HOW TO COMPLETE THIS TASK:
Would you return, word for word, the lines of the data below from the line with "theory Submission" through the line with "by \<open>F\<close> cancels", and no others?

___ THE RECORDS ___

(* Let $I$ and $J$ be compositions of $n$ and let $W(I,J)$ be the set of packed words $w$ with $\mathrm{WC}(w)=I$ and $\mathrm{DC}(w)\succeq J$. Then the coefficient $C_I^J(q)$ of $\Psi_I$ in $S^J(q)$ is \[ C_I^J(q)=\sum_{w\in W(I,J)}q^{\mathrm{sinv}(w)}. \]
   Context: Compositions: sequences of positive integers with sum $n$; $\mathrm{Des}(I)$ is the set of partial sums other than $n$; $K\succeq J$ ($K$ coarser than or equal to $J$) iff $\mathrm{Des}(K)\subseteq\mathrm{Des}(J)$. Over $\mathbb K(q)$ ($\mathrm{char}\,\mathbb K=0$): packed words are words with letter set $\{1,\dots,m\}$; $\mathrm{pack}$ replaces the $t$-th smallest letter by $t$. For a packed word $w=w_1\cdots w_n$: $\mathrm{DC}(w)$ is the composition of $n$ with descent set $\{i:w_i>w_{i+1}\}$; $\mathrm{WC}(w)$ is the composition of $n$ whose descent set is the set of positions $p<n$ with $w_p$ not occurring in $w_{p+1}\cdots w_n$; $\mathrm{sinv}(w)=\#\{i<j:w_i>w_j,\ w_j\text{ not occurring in }w_{j+1}\cdots w_n\}$. $\mathbf{WQSym}$ has basis $\mathbf M_u$ with $\mathbf M_{u'}\mathbf M_{u''}=\sum\mathbf M_u$ over packed $u=v\cdot w$ with $\mathrm{pack}(v)=u'$, $\mathrm{pack}(w)=u''$; $\mathbf M_{u'}\star_q\mathbf M_{u''}=\sum q^{\mathrm{sinv}(u)-\mathrm{sinv}(u')-\mathrm{sinv}(u'')}\mathbf M_u$ (associative). $\mathbf{Sym}$ is the quotient by the span of $\mathbf M_u-\mathbf M_v$ with $\mathrm{WC}(u)=\mathrm{WC}(v)$, $\zeta$ the quotient map, $\Psi_I=\zeta(\mathbf M_u)$ for $\mathrm{WC}(u)=I$ (a basis). $\tilde S_m=\sum\mathbf M_u$ over nondecreasing packed $u$ of length $m$; for $J=(j_1,\dots,j_l)$, $S^J(q)=\zeta(\tilde S_{j_1}\star_q\cdots\star_q\tilde S_{j_l})$. *)

theory Defs
  imports "HOL-Computational_Algebra.Polynomial" "HOL-Computational_Algebra.Fraction_Field"
begin

(* Words are nat lists; positions are 0-indexed internally (paper position p = index p-1). *)

definition packed :: "nat list \<Rightarrow> bool" where
  "packed w \<longleftrightarrow> (\<exists>m. set w = {1..m})"

definition pack :: "nat list \<Rightarrow> nat list" where
  "pack w = map (\<lambda>x. card {y \<in> set w. y \<le> x}) w"

definition is_comp :: "nat \<Rightarrow> nat list \<Rightarrow> bool" where
  "is_comp n I \<longleftrightarrow> (\<forall>x\<in>set I. 0 < x) \<and> sum_list I = n"

definition Des :: "nat list \<Rightarrow> nat set" where
  "Des I = {sum_list (take k I) | k. 0 < k \<and> k < length I}"

definition coarser :: "nat list \<Rightarrow> nat list \<Rightarrow> bool" where
  "coarser K J \<longleftrightarrow> Des K \<subseteq> Des J"

definition comp_of :: "nat \<Rightarrow> nat set \<Rightarrow> nat list" where
  "comp_of n D = (if n = 0 then [] else
     (let ds = sorted_list_of_set (D \<inter> {1..<n}) @ [n]
      in map (\<lambda>(a, b). b - a) (zip (0 # ds) ds)))"

definition DC :: "nat list \<Rightarrow> nat list" where
  "DC w = comp_of (length w) {p. 1 \<le> p \<and> p < length w \<and> w ! (p - 1) > w ! p}"

definition WC :: "nat list \<Rightarrow> nat list" where
  "WC w = comp_of (length w) {p. 1 \<le> p \<and> p < length w \<and> w ! (p - 1) \<notin> set (drop p w)}"

definition sinv :: "nat list \<Rightarrow> nat" where
  "sinv w = card {(i, j). i < j \<and> j < length w \<and> w ! i > w ! j \<and> w ! j \<notin> set (drop (j + 1) w)}"

(* Elements of WQSym are represented by their coefficient functions u \<mapsto> coefficient of M_u
   (supported on packed words). *)
type_synonym 'k wqsym = "nat list \<Rightarrow> 'k"

(* the q-deformed product, bilinear extension of
   M_u' \<star>_q M_u'' = \<Sum> q^(sinv u - sinv u' - sinv u'') M_u  over packed u = v w,
   pack v = u', pack w = u'' *)
definition qstar :: "'k::field \<Rightarrow> 'k wqsym \<Rightarrow> 'k wqsym \<Rightarrow> 'k wqsym" where
  "qstar q f g u = (if packed u then
     (\<Sum>k\<le>length u. f (pack (take k u)) * g (pack (drop k u)) *
        q powi (int (sinv u) - int (sinv (pack (take k u))) - int (sinv (pack (drop k u)))))
   else 0)"

definition wunit :: "'k::field wqsym" where
  "wunit u = (if u = [] then 1 else 0)"

definition Stilde :: "nat \<Rightarrow> 'k::field wqsym" where
  "Stilde m u = (if packed u \<and> length u = m \<and> sorted u then 1 else 0)"

(* \<tilde>S_j1 \<star>_q ... \<star>_q \<tilde>S_jl  (the product is associative) *)
fun Sprod :: "'k::field \<Rightarrow> nat list \<Rightarrow> 'k wqsym" where
  "Sprod q [] = wunit"
| "Sprod q (j # js) = qstar q (Stilde j) (Sprod q js)"

(* The quotient map \<zeta> : WQSym \<rightarrow> Sym, expressed in the basis \<Psi>:
   zeta F I = coefficient of \<Psi>_I in \<zeta>(F) = \<Sum> over packed u with WC(u) = I of F(u). *)
definition zeta :: "'k::field wqsym \<Rightarrow> nat list \<Rightarrow> 'k" where
  "zeta F I = (\<Sum>u \<in> {u. packed u \<and> WC u = I}. F u)"

definition qvar :: "'a::field poly fract" where
  "qvar = Fract [:0, 1:] 1"

(* C_I^J(q): coefficient of \<Psi>_I in S^J(q) = \<zeta>(\<tilde>S_j1 \<star>_q ... \<star>_q \<tilde>S_jl) *)
definition CIJ :: "nat list \<Rightarrow> nat list \<Rightarrow> 'a::field_char_0 poly fract" where
  "CIJ I J = zeta (Sprod qvar J) I"

definition Wset :: "nat list \<Rightarrow> nat list \<Rightarrow> nat list set" where
  "Wset I J = {w. packed w \<and> WC w = I \<and> coarser (DC w) J}"

end

theory Submission
  imports Defs
begin

text \<open>
  A deconcatenation \<open>u = v w\<close> contributes to \<open>\<tilde>S\<^sub>j \<star>\<^sub>q F\<close> exactly when \<open>v\<close> has length \<open>j\<close>
  and is nondecreasing; then \<open>sinv (pack v) = 0\<close> and the factor \<open>q\<^bsup>sinv (pack w)\<^esup>\<close> carried
  by \<open>F\<close> cancels against the twisting exponent, leaving \<open>q\<^bsup>sinv u\<^esup>\<close>. By induction on \<open>J\<close>,
  the coefficient of \<open>M\<^sub>u\<close> in \<open>\<tilde>S\<^sub>j\<^sub>1 \<star>\<^sub>q \<dots> \<star>\<^sub>q \<tilde>S\<^sub>j\<^sub>l\<close> is therefore \<open>q\<^bsup>sinv u\<^esup>\<close> if the descents
  of \<open>u\<close> lie in \<open>Des J\<close>, i.e. \<open>DC u \<succeq> J\<close>, and \<open>0\<close> otherwise. Applying \<open>\<zeta>\<close> sums these
  coefficients over the packed words with \<open>WC u = I\<close>.
\<close>

definition consecutive_diffs :: "nat \<Rightarrow> nat list \<Rightarrow> nat list" where
  "consecutive_diffs a ds = map (\<lambda>(a, b). b - a) (zip (a # ds) ds)"

lemma length_consecutive_diffs [simp]: "length (consecutive_diffs a ds) = length ds"
  by (simp add: consecutive_diffs_def)

lemma sum_list_take_consecutive_diffs:
  assumes "sorted (a # ds)" and "k \<le> length ds"
  shows "sum_list (take k (consecutive_diffs a ds)) = (a # ds) ! k - a"
  using assms
proof (induction ds arbitrary: a k)
  case Nil
  then show ?case by (simp add: consecutive_diffs_def)
next
  case (Cons d ds)
  show ?case
  proof (cases k)
    case 0
    then show ?thesis by (simp add: consecutive_diffs_def)
  next
    case (Suc k')
    have sorted: "sorted (d # ds)" and "a \<le> d" using Cons.prems by auto
    have "(d # ds) ! k' \<in> set (d # ds)" using Cons.prems Suc by (intro nth_mem) simp
    then have "d \<le> (d # ds) ! k'" using sorted by auto
    moreover have "consecutive_diffs a (d # ds) = (d - a) # consecutive_diffs d ds"
      by (simp add: consecutive_diffs_def)
    ultimately show ?thesis
      using Cons.IH[OF sorted, of k'] Cons.prems Suc \<open>a \<le> d\<close> by simp
  qed
qed

lemma sorted_cuts: "sorted (0 # sorted_list_of_set (D \<inter> {1..<m}) @ [m::nat])"
proof -
  have "set (sorted_list_of_set (D \<inter> {1..<m})) \<subseteq> {1..<m}" by auto
  then show ?thesis by (auto simp: sorted_append)
qed

lemma comp_of_eq_consecutive_diffs:
  "0 < m \<Longrightarrow> comp_of m D = consecutive_diffs 0 (sorted_list_of_set (D \<inter> {1..<m}) @ [m])"
  by (simp add: comp_of_def consecutive_diffs_def Let_def)

lemma sum_list_comp_of: "sum_list (comp_of m D) = m"
proof (cases "m = 0")
  case True
  then show ?thesis by (simp add: comp_of_def)
next
  case False
  let ?ds = "sorted_list_of_set (D \<inter> {1..<m}) @ [m]"
  have "sum_list (comp_of m D) = sum_list (take (length ?ds) (consecutive_diffs 0 ?ds))"
    using False by (simp add: comp_of_eq_consecutive_diffs)
  also have "\<dots> = (0 # ?ds) ! length ?ds - 0"
    by (rule sum_list_take_consecutive_diffs[OF sorted_cuts]) simp
  also have "\<dots> = m"
    by (simp add: nth_append)
  finally show ?thesis .
qed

___

RESPONSE BOX:
theory Submission
  imports Defs
begin

text \<open>
  A deconcatenation \<open>u = v w\<close> contributes to \<open>\<tilde>S\<^sub>j \<star>\<^sub>q F\<close> exactly when \<open>v\<close> has length \<open>j\<close>
  and is nondecreasing; then \<open>sinv (pack v) = 0\<close> and the factor \<open>q\<^bsup>sinv (pack w)\<^esup>\<close> carried
  by \<open>F\<close> cancels against the twisting exponent, leaving \<open>q\<^bsup>sinv u\<^esup>\<close>. By induction on \<open>J\<close>,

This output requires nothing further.